This wasn’t a flippant or particularly natural decision for me. A fan of unfashionable causes from a young age, I had always bought into our democratic political system and believed that despite its faults, ours was preferable to the large majority of those around the world.
I’d argue with my sixth form college history teacher, a chain-smoking trade union crustacean, that the Cuban revolution was not a good thing actually. At university, I set up the local youth chapter of UKIP and was one of approximately three students who even signalled that they would vote for Brexit.
As one can imagine, this made me very popular amongst the kombucha-brewing techno-listening charity shop fashionistas who I stubbornly brushed shoulders with by insisting on frequenting their hipster coffee shop, where once a ‘trans’ person told me I should “stop reading the fascist Spectator”.
My earliest political instinct, that our foreign policy did not serve our interests and was based on lies (an instinct that has only grown stronger) was also, I thought, sufficiently represented in our media and political system. I voted, I got excited about elections, watched the BBC and took politics seriously.

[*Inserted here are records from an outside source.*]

(* Let $n\ge1$ and let $\mu$ be the Möbius function of the finite poset $(\hat N^n,\le)$, where $\le$ is the componentwise order, and set $M(\vec v)=\mu((1,1,\dots,1),\vec v)$ (note $(1,\dots,1)$ is the minimum). Then for $\vec v=(v_1,\dots,v_n)\in\hat N^n$: if $v_i\in\{1,i\}$ for every $i$, then $M(\vec v)=(-1)^{t_{\vec v}}$ where $t_{\vec v}=\#\{i\ge2:\ v_i=i\}$; otherwise $M(\vec v)=0$.
   Context: $Y_n$ is the set of planar rooted binary trees with $n$ internal vertices ($n+1$ leaves) up to isotopy, with grafting $\tau_1\vee\tau_2$ (new root, left subtree $\tau_1$, right subtree $\tau_2$). A complete expression in $x_1,\dots,x_{n+1}$ is a full binary parenthesization of $x_1\cdots x_{n+1}$ (every product of two factors, including the outermost, in parentheses); trees correspond bijectively to complete expressions via $|\mapsto x_1$, $\tau_1\vee\tau_2\mapsto(E_1E_2)$ with consecutive relabelling. Name of $\tau\in Y_n$: the vector $\vec v\in\mathbb N^n$ with $v_i=i$ if at least one left parenthesis stands immediately left of $x_i$ in the complete expression of $\tau$; otherwise the rightmost of the right parentheses immediately following $x_i$ matches a left parenthesis in the run immediately preceding some $x_j$, and $v_i=j$. $\hat N^n$ is the set of names of trees of $Y_n$. The componentwise order is $\vec v\le\vec w$ iff $v_i\le w_i$ for all $i$ (this order on names corresponds to the Tamari order on trees). *)

theory Defs
  imports Main
begin

datatype tree = Leaf | Node tree tree  (* Node t1 t2 = t1 \<or> t2 (grafting) *)

fun internal :: "tree \<Rightarrow> nat" where
  "internal Leaf = 0"
| "internal (Node l r) = Suc (internal l + internal r)"

fun leaves :: "tree \<Rightarrow> nat" where
  "leaves Leaf = 1"
| "leaves (Node l r) = leaves l + leaves r"

datatype tok = LP | RP | X nat

fun label :: "tok \<Rightarrow> nat" where
  "label (X i) = i"
| "label _ = 0"

fun expr_from :: "tree \<Rightarrow> nat \<Rightarrow> tok list" where
  "expr_from Leaf k = [X k]"
| "expr_from (Node l r) k = [LP] @ expr_from l k @ expr_from r (k + leaves l) @ [RP]"

definition expr :: "tree \<Rightarrow> tok list" where
  "expr t = expr_from t 1"

definition depth :: "tok list \<Rightarrow> nat \<Rightarrow> int" where
  "depth e k = int (length (filter (\<lambda>c. c = LP) (take k e)))
             - int (length (filter (\<lambda>c. c = RP) (take k e)))"

definition pos :: "tok list \<Rightarrow> nat \<Rightarrow> nat" where
  "pos e i = (THE p. p < length e \<and> e ! p = X i)"

text \<open>The left parenthesis matching the right parenthesis at position q.\<close>
definition match :: "tok list \<Rightarrow> nat \<Rightarrow> nat" where
  "match e q = (THE m. m < q \<and> e ! m = LP \<and> depth e (Suc m) = depth e q \<and>
                     (\<forall>k. Suc m \<le> k \<and> k \<le> q \<longrightarrow> depth e (Suc m) \<le> depth e k))"

definition name_comp :: "tok list \<Rightarrow> nat \<Rightarrow> nat" where
  "name_comp e i =
     (let p = pos e i in
      if 0 < p \<and> e ! (p - 1) = LP then i
      else
        (let q = p + length (takeWhile (\<lambda>c. c = RP) (drop (Suc p) e));
             \<comment> \<open>q: rightmost right parenthesis of the run immediately following x_i\<close>
             m = match e q;
             \<comment> \<open>the run of left parentheses containing m immediately precedes x_j\<close>
             r = m + length (takeWhile (\<lambda>c. c = LP) (drop m e))
         in label (e ! r)))"

text \<open>Name of a tree in Y_n, as a list [v_1, ..., v_n] (v_i = list index i-1).\<close>
definition tree_name :: "tree \<Rightarrow> nat list" where
  "tree_name t = map (name_comp (expr t)) [1..<Suc (internal t)]"

definition names :: "nat \<Rightarrow> nat list set" where
  "names n = tree_name ` {t. internal t = n}"

definition comp_le :: "nat list \<Rightarrow> nat list \<Rightarrow> bool" where
  "comp_le v w = list_all2 (\<le>) v w"

definition mobius :: "'a set \<Rightarrow> ('a \<Rightarrow> 'a \<Rightarrow> bool) \<Rightarrow> 'a \<Rightarrow> 'a \<Rightarrow> int" where
  "mobius S le x = (THE f. \<forall>y. f y =
      (if y \<in> S \<and> x \<in> S \<and> le x y then
         (if y = x then 1 else - (\<Sum>z\<in>{z\<in>S. le x z \<and> le z y \<and> z \<noteq> y}. f z))
       else 0))"

end

theory Submission
  imports Defs
begin

(* The name of a tree can be computed recursively: v_i is the first variable of the largest
   subtree whose last variable is x_i.  Hence 1 <= v_i <= i; a name without a component
   v_i = i (i >= 2) is the minimum (1,...,1), since the tree is then a left comb; and for every
   T in {2..n} the vector with v_i = i on T and v_i = 1 elsewhere is a name, obtained by adding
   leaves one at a time.  For a name y other than the minimum let D be its nonempty set of
   components i >= 2 with y_i = i.  The vectors of the above form that lie below y are exactly
   those with T a subset of D, so the proposed values (-1)^|T| sum to zero over the interval
   [(1,...,1), y].  That is the recursion defining the Moebius function, which determines it
   uniquely on a finite poset. *)

section \<open>Parentheses in complete expressions\<close>

lemma leaves_eq_Suc_internal: "leaves t = Suc (internal t)"
  by (induction t) auto

fun balance :: "tok list \<Rightarrow> int" where
  "balance [] = 0"
| "balance (LP # w) = balance w + 1"
| "balance (RP # w) = balance w - 1"
| "balance (X _ # w) = balance w"

lemma balance_append [simp]: "balance (u @ w) = balance u + balance w"
  by (induction u rule: balance.induct) auto

lemma depth_eq_balance: "depth e k = balance (take k e)"
proof -
  have "int (length (filter (\<lambda>c. c = LP) w)) - int (length (filter (\<lambda>c. c = RP) w)) = balance w"
    for w by (induction w rule: balance.induct) auto
  then show ?thesis unfolding depth_def .
qed

lemma balance_take_append_nonneg:
  assumes "\<And>m. 0 \<le> balance (take m u)" and "\<And>m. 0 \<le> balance (take m w)"
  shows "0 \<le> balance (take m (u @ w))"
  using assms(1)[of m] assms(1)[of "length u"] assms(2)[of "m - length u"]
  by (simp add: take_append)

lemma balance_take_bracket_pos:
  assumes "\<And>m. 0 \<le> balance (take m u)" and "0 < m" and "m \<le> Suc (length u)"
  shows "0 < balance (take m (LP # u @ [RP]))"
proof -
  obtain m' where "m = Suc m'" and "m' \<le> length u"
    using assms(2,3) by (cases m) auto
  then show ?thesis using assms(1)[of m'] by simp
qed

lemma balance_expr_from [simp]: "balance (expr_from t k) = 0"
  by (induction t arbitrary: k) auto

lemma balance_take_expr_from_nonneg: "0 \<le> balance (take m (expr_from t k))"
proof (induction t arbitrary: k m)
  case Leaf
  then show ?case by (cases m) auto
next
  case (Node l r)
  let ?u = "expr_from l k @ expr_from r (k + leaves l)"
  have u: "0 \<le> balance (take m ?u)" for m
    using Node.IH by (rule balance_take_append_nonneg)
  show ?case
  proof (cases "0 < m \<and> m \<le> Suc (length ?u)")
    case True
    then have "0 < balance (take m (LP # ?u @ [RP]))"
      by (intro balance_take_bracket_pos[OF u]) auto
    then show ?thesis by simp
  next
    case False
    then have "m = 0 \<or> length (expr_from (Node l r) k) \<le> m" by auto
    then show ?thesis by auto
  qed
qed

lemma pos_eqI:
  assumes "e = A @ X i # B" and "count_list e (X i) = 1"
  shows "pos e i = length A"
  unfolding pos_def
proof (rule the_equality)
  show "length A < length e \<and> e ! length A = X i" using assms(1) by simp
next
  have notin: "X i \<notin> set A" "X i \<notin> set B"
    using assms by (auto simp: count_list_0_iff[symmetric])
  fix p assume p: "p < length e \<and> e ! p = X i"
  show "p = length A"
  proof (rule linorder_cases)
    assume "p < length A"
    then show ?thesis using p notin(1) assms(1) by (metis nth_append nth_mem)
  next
    assume "length A < p"
    then have "B ! (p - Suc (length A)) = X i" and "p - Suc (length A) < length B"
      using p assms(1) by (auto simp: nth_append)
    then show ?thesis using notin(2) nth_mem by metis
  qed
qed

lemma match_bracket:
  assumes e: "e = P @ LP # u @ RP # C"
    and bal: "balance u = 0" and nonneg: "\<And>m. 0 \<le> balance (take m u)"
  shows "match e (length P + length u + 1) = length P"
proof -
  let ?q = "length P + length u + 1" and ?w = "LP # u @ [RP]"
  have depth_inside: "depth e k = balance P + balance (take (k - length P) ?w)"
    if "length P \<le> k" "k \<le> ?q" for k
  proof -
    have "take k e = P @ take (k - length P) (?w @ C)" using e that by (simp add: take_append)
    also have "take (k - length P) (?w @ C) = take (k - length P) ?w"
      using that by (subst take_append) simp
    finally show ?thesis by (simp add: depth_eq_balance)
  qed
  have depth_ge: "balance P + 1 \<le> depth e k" if "Suc (length P) \<le> k" "k \<le> ?q" for k
  proof -
    have "0 < balance (take (k - length P) ?w)"
      using that by (intro balance_take_bracket_pos[OF nonneg]) auto
    then show ?thesis using depth_inside[of k] that by simp
  qed
  have depth_open: "depth e (Suc (length P)) = balance P + 1"
    using depth_inside[of "Suc (length P)"] by simp
  have depth_close: "depth e ?q = balance P + 1"
    using depth_inside[of ?q] bal by simp
  have depth_P: "depth e (length P) = balance P"
    using depth_inside[of "length P"] by simp
  show ?thesis
    unfolding match_def
  proof (rule the_equality)
    show "length P < ?q \<and> e ! length P = LP \<and> depth e (Suc (length P)) = depth e ?q \<and>
      (\<forall>k. Suc (length P) \<le> k \<and> k \<le> ?q \<longrightarrow> depth e (Suc (length P)) \<le> depth e k)"
      using e depth_open depth_close depth_ge by simp
  next
    fix m assume m: "m < ?q \<and> e ! m = LP \<and> depth e (Suc m) = depth e ?q \<and>
      (\<forall>k. Suc m \<le> k \<and> k \<le> ?q \<longrightarrow> depth e (Suc m) \<le> depth e k)"
    show "m = length P"
    proof (rule linorder_cases)
      assume "m < length P"
      then have "depth e (Suc m) \<le> depth e (length P)" using m by auto
      then show ?thesis using m depth_close depth_P by simp
    next
      assume "length P < m"
      moreover have "m < length e" using m e by simp
      then have "depth e (Suc m) = depth e m + 1"
        using m by (simp add: depth_eq_balance take_Suc_conv_app_nth)
      ultimately show ?thesis using m depth_ge[of m] depth_close by simp
    qed
  qed
qed

lemma last_expr_from: "last (expr_from t k) = (if t = Leaf then X k else RP)"
  by (cases t) auto

lemma hd_expr_from: "hd (expr_from t k) = (if t = Leaf then X k else LP)"
  by (cases t) auto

Everything changed in early 2020. Watching the entire ‘free world’ engage in highly coordinated state propaganda, erect detainment camps, lock people in their homes for months at a time, and by hook and by crook inject the vast majority of the population with a substance they weren’t allowed to scrutinise in polite society because ‘The Experts’ told them to, changed how I look at politics forever.

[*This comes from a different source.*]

(* Let $k$ be an algebraically closed field, let $n\ge 1$ and $1\le g\le n$. Let $K$ be the quiver with vertices $0,1,\dots,n$ and arrows $\beta_x: x\to x+1$ for $0\le x\le g-1$ and $\alpha_x: x+1\to x$ for $g\le x\le n$, where vertex indices are read modulo $n+1$ (so $\alpha_n:0\to n$). For integers $p\le q$ let $V_{(p,q)}\in\operatorname{rep}K$ be the representation defined in the context, and for $V\in\operatorname{rep}K$ let $\overline V\in\operatorname{rep}K$ be the representation defined in the context (dualize, then relabel vertices by the permutation $G$). Let $p,q\in\mathbb Z$ with $p\le q$, and let $p',q'\in\mathbb Z$ satisfy $p'\equiv Gq \pmod{n+1}$, $q'\equiv Gp\pmod{n+1}$ and $q'-p'=q-p$. Then there is an isomorphism of representations $\overline{V_{(p,q)}}\cong V_{(p',q')}$.
   Context: Representations of $K$ are finite-dimensional: a $k$-vector space $V(x)$ at each vertex and a linear map $V(\gamma):V(x)\to V(y)$ for each arrow $\gamma:x\to y$; morphisms are families of linear maps commuting with all arrow maps; $\operatorname{rep}K$ denotes this category. Interval representations: for $0\le p\le n$ and $q\ge p$, let $E$ have basis $e_p,\dots,e_q$ and set $V_{(p,q)}(x)=\bigoplus_{p\le i\le q,\ i\equiv x \ (\mathrm{mod}\ n+1)} k e_i$. For $0\le x\le g-1$, $V_{(p,q)}(\beta_x)$ sends $e_i$ (with $i\equiv x$) to $e_{i+1}$ if $i<q$ and to $0$ if $i=q$. For $g\le x\le n$, $V_{(p,q)}(\alpha_x)$ sends $e_i$ (with $i\equiv x+1$) to $e_{i-1}$ if $i>p$ and to $0$ if $i=p$. For arbitrary $p\in\mathbb Z$ and $q\ge p$, set $V_{(p,q)}:=V_{(p_0,q+p_0-p)}$ where $p_0\in\{0,\dots,n\}$, $p_0\equiv p \pmod{n+1}$. The permutation $G$ of $\{0,\dots,n\}$: $Gx=g-x$ for $0\le x\le g$ and $Gx=n+g+1-x$ for $g+1\le x\le n$; it is extended to $\mathbb Z$ by $Gz:=G(z\bmod (n+1))$ with $z\bmod(n+1)\in\{0,\dots,n\}$. For every arrow $\gamma:x\to y$ of $K$ there is an arrow $G\gamma: Gy\to Gx$ of $K$. For $V\in\operatorname{rep}K$ define $\overline V\in \operatorname{rep} K$ by $\overline V(x)=V(Gx)^*$ (dual space) for each vertex $x$ and, for each arrow $\gamma:x\to y$ of $K$, $\overline V(G\gamma)=V(\gamma)^*:V(y)^*\to V(x)^*$ (the dual map), which is a map $\overline V(Gy)\to\overline V(Gx)$. *)

theory Defs
  imports "HOL-Computational_Algebra.Polynomial" "Jordan_Normal_Form.Matrix"
begin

I was always aware of the military-industrial complex and its influence, and of that of the financial system. What I have since learnt is that these forces of evil are joined by many other interest groups: Big Pharma, Big Tech, Big Food and the billionaire-foundation complex.

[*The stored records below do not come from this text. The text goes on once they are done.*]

lemma slot_derivative_chain:
  assumes Lder: "L_derivative_property sW GW LV L1 Phi"
    and w': "in_Wdual sW GW w'" and shifted: "vupd zz i (zz $ i + t) \<in> Fconf"
  shows "((\<lambda>s. pairing GW w' (Phi (vupd v i ((LV ^^ k) (v $ i))) (vupd zz i (zz $ i + s))))
           has_field_derivative
           pairing GW w' (Phi (vupd v i ((LV ^^ Suc k) (v $ i))) (vupd zz i (zz $ i + t)))) (at t)"
  using slot_shift_derivative[OF Lder w' shifted, of "vupd v i ((LV ^^ k) (v $ i))"]
  by simp

lemma slot_shift_radius:
  assumes zz: "zz \<in> Fconf" and z: "\<forall>j k. j \<noteq> k \<longrightarrow> norm z < norm (zz $ j - zz $ k)"
  obtains r where "norm z < r" and "\<And>t. norm t < r \<Longrightarrow> vupd zz i (zz $ i + t) \<in> Fconf"
proof -
  define M where "M = (\<lambda>(j, k). norm (zz $ j - zz $ k)) ` {(j, k). j \<noteq> k}"
  define r where "r = Min (insert (norm z + 1) M)"
  have M: "finite M"
    unfolding M_def by (rule finite_imageI[OF finite_subset[OF subset_UNIV]]) simp
  have "norm z < r"
    using M z by (auto simp: r_def M_def)
  moreover have "norm t < norm (zz $ k - zz $ i)" if "norm t < r" and "k \<noteq> i" for t k
  proof -
    have "r \<le> norm (zz $ k - zz $ i)"
      using M \<open>k \<noteq> i\<close> unfolding r_def M_def by (auto intro!: Min_le)
    then show ?thesis
      using \<open>norm t < r\<close> by simp
  qed
  ultimately show thesis
    using that vupd_shift_in_Fconf[OF zz] by blast
qed

lemma higher_deriv_slot_shift:
  assumes Lder: "L_derivative_property sW GW LV L1 Phi"
    and w': "in_Wdual sW GW w'" and zz: "zz \<in> Fconf"
  shows "(deriv ^^ k) (\<lambda>t. pairing GW w' (Phi v (vupd zz i (zz $ i + t)))) 0
       = pairing GW w' (Phi (vupd v i ((LV ^^ k) (v $ i))) zz)"
proof -
  define g where "g k t = pairing GW w' (Phi (vupd v i ((LV ^^ k) (v $ i))) (vupd zz i (zz $ i + t)))"
    for k t
  have "\<forall>j k. j \<noteq> k \<longrightarrow> norm (0::complex) < norm (zz $ j - zz $ k)"
    using zz by (simp add: Fconf_def)
  then obtain r where "0 < r" and r: "\<And>t. norm t < r \<Longrightarrow> vupd zz i (zz $ i + t) \<in> Fconf"
    using slot_shift_radius[OF zz] by (metis norm_zero)
  have "(deriv ^^ k) (g 0) 0 = g k 0"
    using \<open>0 < r\<close> slot_derivative_chain[OF Lder w' r]
    by (intro higher_deriv_chain[of "ball 0 r"]) (auto simp: g_def)
  moreover have "g 0 = (\<lambda>t. pairing GW w' (Phi v (vupd zz i (zz $ i + t))))"
    by (simp add: g_def fun_eq_iff)
  ultimately show ?thesis
    by (simp add: g_def)
qed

The mask-wearing millions even turned my anger towards them, the public as a whole, which was a very different feeling for a ‘power-to-the-people’, ‘silent-majority’ populist as I had up until then been. What morons, I thought.
How did I ever trust in the collective wisdom, the ‘common sense’ of the public, who had en masse accepted the (even then) clearly moronic behaviour of ‘stay-at-home’ rules and wearing chemical-laden Chinese face-nappies on while alone and outside?
When the Russians entered Ukraine in early 2022, this feeling was compounded. The Covid era had caught everyone off guard, but Ukraine was something I had seen coming for a decade.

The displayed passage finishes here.